Dataset content.
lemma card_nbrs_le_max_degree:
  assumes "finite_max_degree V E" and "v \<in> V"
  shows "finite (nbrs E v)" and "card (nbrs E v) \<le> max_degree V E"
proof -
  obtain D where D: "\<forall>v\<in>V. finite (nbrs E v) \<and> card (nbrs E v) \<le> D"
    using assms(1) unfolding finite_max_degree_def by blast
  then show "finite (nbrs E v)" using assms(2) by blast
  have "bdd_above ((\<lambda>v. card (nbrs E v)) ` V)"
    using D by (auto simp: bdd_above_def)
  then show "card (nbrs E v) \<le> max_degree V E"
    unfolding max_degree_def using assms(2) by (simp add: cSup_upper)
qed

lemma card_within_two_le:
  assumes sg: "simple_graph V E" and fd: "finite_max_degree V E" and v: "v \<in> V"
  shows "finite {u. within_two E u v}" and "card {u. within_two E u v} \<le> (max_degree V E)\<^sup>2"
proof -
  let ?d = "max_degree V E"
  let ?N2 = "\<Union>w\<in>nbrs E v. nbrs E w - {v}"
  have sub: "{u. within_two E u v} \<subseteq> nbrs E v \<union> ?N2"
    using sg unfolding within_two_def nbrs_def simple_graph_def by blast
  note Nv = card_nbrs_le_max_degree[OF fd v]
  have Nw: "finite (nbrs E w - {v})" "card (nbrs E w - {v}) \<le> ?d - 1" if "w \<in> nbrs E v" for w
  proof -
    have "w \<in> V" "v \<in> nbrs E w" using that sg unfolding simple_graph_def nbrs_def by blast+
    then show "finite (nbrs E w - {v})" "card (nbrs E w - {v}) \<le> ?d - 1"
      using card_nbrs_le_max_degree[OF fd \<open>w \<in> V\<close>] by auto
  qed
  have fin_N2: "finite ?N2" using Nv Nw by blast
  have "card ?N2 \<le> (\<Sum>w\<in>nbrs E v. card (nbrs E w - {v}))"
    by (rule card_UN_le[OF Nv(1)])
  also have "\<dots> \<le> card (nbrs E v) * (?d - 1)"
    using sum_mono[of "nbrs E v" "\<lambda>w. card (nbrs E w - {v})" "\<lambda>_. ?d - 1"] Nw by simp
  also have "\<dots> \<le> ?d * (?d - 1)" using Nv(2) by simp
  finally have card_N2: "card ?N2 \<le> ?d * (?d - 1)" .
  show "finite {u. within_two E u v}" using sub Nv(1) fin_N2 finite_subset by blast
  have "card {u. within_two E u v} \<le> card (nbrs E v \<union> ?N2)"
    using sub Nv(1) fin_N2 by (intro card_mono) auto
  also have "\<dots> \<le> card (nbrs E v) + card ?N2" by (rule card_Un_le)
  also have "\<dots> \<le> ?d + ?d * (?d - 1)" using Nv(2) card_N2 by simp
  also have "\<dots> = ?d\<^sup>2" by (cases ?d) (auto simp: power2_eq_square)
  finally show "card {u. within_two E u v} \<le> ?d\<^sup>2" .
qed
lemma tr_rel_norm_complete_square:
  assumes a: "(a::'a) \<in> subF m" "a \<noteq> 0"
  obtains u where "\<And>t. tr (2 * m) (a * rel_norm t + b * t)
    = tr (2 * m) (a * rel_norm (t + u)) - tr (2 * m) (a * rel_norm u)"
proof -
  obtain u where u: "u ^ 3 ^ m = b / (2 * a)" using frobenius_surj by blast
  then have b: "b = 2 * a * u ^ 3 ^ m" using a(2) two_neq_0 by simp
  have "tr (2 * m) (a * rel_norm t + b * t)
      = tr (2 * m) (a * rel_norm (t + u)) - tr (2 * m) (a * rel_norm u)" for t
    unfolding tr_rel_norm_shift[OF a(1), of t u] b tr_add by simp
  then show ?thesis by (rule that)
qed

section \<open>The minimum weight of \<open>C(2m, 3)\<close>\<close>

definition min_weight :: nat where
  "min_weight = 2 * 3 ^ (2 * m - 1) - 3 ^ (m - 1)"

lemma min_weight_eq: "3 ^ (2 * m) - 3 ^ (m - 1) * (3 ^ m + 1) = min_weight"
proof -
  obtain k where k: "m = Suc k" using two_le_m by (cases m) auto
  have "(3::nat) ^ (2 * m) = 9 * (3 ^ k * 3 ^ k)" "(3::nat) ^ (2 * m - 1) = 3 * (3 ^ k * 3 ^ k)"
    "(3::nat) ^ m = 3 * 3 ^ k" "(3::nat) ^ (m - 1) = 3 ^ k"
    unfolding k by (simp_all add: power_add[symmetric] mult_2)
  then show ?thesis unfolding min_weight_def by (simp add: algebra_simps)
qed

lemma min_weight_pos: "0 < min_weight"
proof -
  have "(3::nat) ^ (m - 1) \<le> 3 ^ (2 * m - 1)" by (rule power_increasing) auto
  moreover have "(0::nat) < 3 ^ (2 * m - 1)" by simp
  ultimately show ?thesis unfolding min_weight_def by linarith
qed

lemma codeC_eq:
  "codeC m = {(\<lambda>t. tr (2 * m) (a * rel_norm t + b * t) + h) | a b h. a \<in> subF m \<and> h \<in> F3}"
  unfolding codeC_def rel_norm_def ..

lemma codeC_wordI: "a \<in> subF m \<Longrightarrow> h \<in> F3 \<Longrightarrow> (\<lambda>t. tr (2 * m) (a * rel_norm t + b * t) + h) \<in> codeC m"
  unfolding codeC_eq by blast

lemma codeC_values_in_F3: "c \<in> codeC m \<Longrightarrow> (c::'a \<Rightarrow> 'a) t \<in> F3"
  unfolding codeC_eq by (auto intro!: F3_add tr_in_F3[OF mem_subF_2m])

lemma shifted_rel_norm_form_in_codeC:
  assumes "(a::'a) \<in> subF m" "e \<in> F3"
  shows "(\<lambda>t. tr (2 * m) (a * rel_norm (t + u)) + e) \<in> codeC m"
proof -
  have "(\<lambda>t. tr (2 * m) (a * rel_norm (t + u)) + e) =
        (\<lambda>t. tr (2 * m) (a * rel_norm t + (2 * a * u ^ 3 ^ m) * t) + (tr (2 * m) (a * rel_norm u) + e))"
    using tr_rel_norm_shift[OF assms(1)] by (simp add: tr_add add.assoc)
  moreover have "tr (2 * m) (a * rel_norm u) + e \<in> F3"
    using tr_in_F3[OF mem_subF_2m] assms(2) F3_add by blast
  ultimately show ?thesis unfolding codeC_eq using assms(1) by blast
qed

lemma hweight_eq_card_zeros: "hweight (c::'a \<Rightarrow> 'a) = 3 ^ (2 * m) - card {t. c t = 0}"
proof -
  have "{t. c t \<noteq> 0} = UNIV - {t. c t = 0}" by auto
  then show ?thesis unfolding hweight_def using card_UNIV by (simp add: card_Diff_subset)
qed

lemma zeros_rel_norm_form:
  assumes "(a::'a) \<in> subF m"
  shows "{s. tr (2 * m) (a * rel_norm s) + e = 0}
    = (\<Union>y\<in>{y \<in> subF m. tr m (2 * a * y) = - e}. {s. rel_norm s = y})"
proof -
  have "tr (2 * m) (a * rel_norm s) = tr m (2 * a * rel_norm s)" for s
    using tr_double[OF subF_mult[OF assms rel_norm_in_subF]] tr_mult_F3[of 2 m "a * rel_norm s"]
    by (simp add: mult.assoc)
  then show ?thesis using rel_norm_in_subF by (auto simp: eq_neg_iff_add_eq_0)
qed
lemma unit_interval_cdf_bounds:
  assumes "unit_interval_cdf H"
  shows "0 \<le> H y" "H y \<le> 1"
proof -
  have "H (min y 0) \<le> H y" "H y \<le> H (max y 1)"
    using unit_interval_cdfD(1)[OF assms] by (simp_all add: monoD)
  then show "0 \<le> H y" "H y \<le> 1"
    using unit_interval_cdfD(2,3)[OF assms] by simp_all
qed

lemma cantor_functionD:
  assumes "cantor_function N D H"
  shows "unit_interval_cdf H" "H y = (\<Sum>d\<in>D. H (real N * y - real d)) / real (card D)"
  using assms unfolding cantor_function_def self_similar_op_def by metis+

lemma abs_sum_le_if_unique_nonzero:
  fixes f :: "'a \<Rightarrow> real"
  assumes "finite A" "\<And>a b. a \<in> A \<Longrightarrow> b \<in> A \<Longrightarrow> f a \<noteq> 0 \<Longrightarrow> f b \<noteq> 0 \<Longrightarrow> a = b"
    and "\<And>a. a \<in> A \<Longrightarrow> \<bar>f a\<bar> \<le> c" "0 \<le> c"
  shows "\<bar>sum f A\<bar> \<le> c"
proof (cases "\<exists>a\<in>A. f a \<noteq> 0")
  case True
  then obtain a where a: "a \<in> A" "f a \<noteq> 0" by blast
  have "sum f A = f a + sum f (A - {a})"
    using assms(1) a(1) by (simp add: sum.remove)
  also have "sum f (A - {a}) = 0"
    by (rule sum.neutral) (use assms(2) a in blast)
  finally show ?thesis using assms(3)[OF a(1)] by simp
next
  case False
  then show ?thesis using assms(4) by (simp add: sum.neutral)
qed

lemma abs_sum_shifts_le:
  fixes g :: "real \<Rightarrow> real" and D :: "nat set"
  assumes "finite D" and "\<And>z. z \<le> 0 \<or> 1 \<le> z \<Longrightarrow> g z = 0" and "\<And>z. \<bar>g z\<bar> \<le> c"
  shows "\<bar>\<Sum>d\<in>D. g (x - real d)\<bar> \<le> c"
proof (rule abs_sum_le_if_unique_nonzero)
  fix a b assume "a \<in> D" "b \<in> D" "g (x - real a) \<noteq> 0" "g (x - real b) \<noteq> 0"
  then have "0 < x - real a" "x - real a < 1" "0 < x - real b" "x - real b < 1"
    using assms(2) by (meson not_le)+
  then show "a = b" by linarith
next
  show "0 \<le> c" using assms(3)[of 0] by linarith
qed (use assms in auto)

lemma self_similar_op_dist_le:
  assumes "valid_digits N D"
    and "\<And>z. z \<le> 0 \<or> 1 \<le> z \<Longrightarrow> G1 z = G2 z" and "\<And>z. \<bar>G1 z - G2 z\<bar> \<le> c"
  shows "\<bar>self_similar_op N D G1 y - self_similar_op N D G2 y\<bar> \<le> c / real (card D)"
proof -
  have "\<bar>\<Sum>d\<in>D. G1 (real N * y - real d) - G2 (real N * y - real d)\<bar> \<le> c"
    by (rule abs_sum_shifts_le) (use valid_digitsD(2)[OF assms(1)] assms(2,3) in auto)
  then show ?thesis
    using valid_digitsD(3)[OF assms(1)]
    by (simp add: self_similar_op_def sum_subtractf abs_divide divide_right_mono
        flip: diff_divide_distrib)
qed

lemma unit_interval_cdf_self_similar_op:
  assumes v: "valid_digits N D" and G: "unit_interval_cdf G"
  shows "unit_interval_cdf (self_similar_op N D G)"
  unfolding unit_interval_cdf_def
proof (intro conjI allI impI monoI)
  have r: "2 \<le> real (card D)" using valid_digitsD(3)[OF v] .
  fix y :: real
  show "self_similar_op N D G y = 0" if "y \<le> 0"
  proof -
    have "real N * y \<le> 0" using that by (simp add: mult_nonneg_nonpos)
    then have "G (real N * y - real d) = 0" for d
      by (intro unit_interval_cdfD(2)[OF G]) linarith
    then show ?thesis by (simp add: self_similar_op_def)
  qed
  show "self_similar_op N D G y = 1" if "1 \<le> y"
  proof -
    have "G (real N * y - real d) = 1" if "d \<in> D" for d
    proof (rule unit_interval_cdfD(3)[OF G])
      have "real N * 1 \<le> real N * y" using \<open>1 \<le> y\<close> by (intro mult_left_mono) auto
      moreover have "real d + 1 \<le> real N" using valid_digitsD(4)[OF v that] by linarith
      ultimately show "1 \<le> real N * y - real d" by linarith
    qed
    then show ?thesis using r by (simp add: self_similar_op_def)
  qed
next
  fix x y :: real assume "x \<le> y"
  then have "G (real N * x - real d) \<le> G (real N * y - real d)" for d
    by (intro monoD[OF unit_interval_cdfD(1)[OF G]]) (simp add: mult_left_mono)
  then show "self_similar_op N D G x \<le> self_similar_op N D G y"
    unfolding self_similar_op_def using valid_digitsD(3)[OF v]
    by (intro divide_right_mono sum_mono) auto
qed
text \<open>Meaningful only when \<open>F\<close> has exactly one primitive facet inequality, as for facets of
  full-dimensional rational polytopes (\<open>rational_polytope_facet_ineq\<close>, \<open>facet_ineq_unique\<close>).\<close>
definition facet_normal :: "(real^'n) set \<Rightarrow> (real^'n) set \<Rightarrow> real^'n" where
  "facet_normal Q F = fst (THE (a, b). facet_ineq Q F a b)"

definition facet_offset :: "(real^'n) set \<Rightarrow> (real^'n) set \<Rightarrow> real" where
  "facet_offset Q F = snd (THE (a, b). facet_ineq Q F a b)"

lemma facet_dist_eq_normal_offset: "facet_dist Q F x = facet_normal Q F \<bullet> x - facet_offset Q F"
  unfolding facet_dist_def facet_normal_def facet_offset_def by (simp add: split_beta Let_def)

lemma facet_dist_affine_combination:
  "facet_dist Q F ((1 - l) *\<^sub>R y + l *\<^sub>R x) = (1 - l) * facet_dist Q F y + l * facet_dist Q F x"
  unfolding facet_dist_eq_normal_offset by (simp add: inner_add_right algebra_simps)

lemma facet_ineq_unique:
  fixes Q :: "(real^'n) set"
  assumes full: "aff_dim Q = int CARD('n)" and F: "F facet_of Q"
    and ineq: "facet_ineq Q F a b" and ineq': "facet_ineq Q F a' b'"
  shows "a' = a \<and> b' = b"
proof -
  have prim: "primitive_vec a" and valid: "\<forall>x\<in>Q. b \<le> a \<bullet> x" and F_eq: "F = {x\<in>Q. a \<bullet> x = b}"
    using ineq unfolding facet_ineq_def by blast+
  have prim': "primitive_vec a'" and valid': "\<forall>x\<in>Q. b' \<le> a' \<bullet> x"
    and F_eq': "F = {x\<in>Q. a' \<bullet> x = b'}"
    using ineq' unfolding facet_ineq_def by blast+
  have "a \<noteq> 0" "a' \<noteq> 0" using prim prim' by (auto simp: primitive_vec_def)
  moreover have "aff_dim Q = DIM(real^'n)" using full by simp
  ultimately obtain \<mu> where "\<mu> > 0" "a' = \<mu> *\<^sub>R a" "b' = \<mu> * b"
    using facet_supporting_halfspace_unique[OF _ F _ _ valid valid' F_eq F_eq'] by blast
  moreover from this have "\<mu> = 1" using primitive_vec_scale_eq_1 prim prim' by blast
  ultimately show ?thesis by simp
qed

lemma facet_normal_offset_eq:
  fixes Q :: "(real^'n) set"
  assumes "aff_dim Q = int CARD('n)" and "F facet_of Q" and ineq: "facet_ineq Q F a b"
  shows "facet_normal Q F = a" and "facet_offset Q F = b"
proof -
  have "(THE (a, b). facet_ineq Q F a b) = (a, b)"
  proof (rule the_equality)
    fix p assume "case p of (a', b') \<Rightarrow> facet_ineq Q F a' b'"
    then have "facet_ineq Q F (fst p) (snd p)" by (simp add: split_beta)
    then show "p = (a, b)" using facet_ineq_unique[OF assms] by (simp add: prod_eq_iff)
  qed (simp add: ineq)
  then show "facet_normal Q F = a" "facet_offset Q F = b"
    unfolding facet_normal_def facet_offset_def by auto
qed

About this exercise. Using the data above, reproduce exactly the lines from the line that contains "that] by linarith" through the line that contains "x = facet_normal", including both.

Exercise response.
      moreover have "real d + 1 \<le> real N" using valid_digitsD(4)[OF v that] by linarith
      ultimately show "1 \<le> real N * y - real d" by linarith
    qed
    then show ?thesis using r by (simp add: self_similar_op_def)
  qed
next
  fix x y :: real assume "x \<le> y"
  then have "G (real N * x - real d) \<le> G (real N * y - real d)" for d
    by (intro monoD[OF unit_interval_cdfD(1)[OF G]]) (simp add: mult_left_mono)
  then show "self_similar_op N D G x \<le> self_similar_op N D G y"
    unfolding self_similar_op_def using valid_digitsD(3)[OF v]
    by (intro divide_right_mono sum_mono) auto
qed
text \<open>Meaningful only when \<open>F\<close> has exactly one primitive facet inequality, as for facets of
  full-dimensional rational polytopes (\<open>rational_polytope_facet_ineq\<close>, \<open>facet_ineq_unique\<close>).\<close>
definition facet_normal :: "(real^'n) set \<Rightarrow> (real^'n) set \<Rightarrow> real^'n" where
  "facet_normal Q F = fst (THE (a, b). facet_ineq Q F a b)"

definition facet_offset :: "(real^'n) set \<Rightarrow> (real^'n) set \<Rightarrow> real" where
  "facet_offset Q F = snd (THE (a, b). facet_ineq Q F a b)"

lemma facet_dist_eq_normal_offset: "facet_dist Q F x = facet_normal Q F \<bullet> x - facet_offset Q F"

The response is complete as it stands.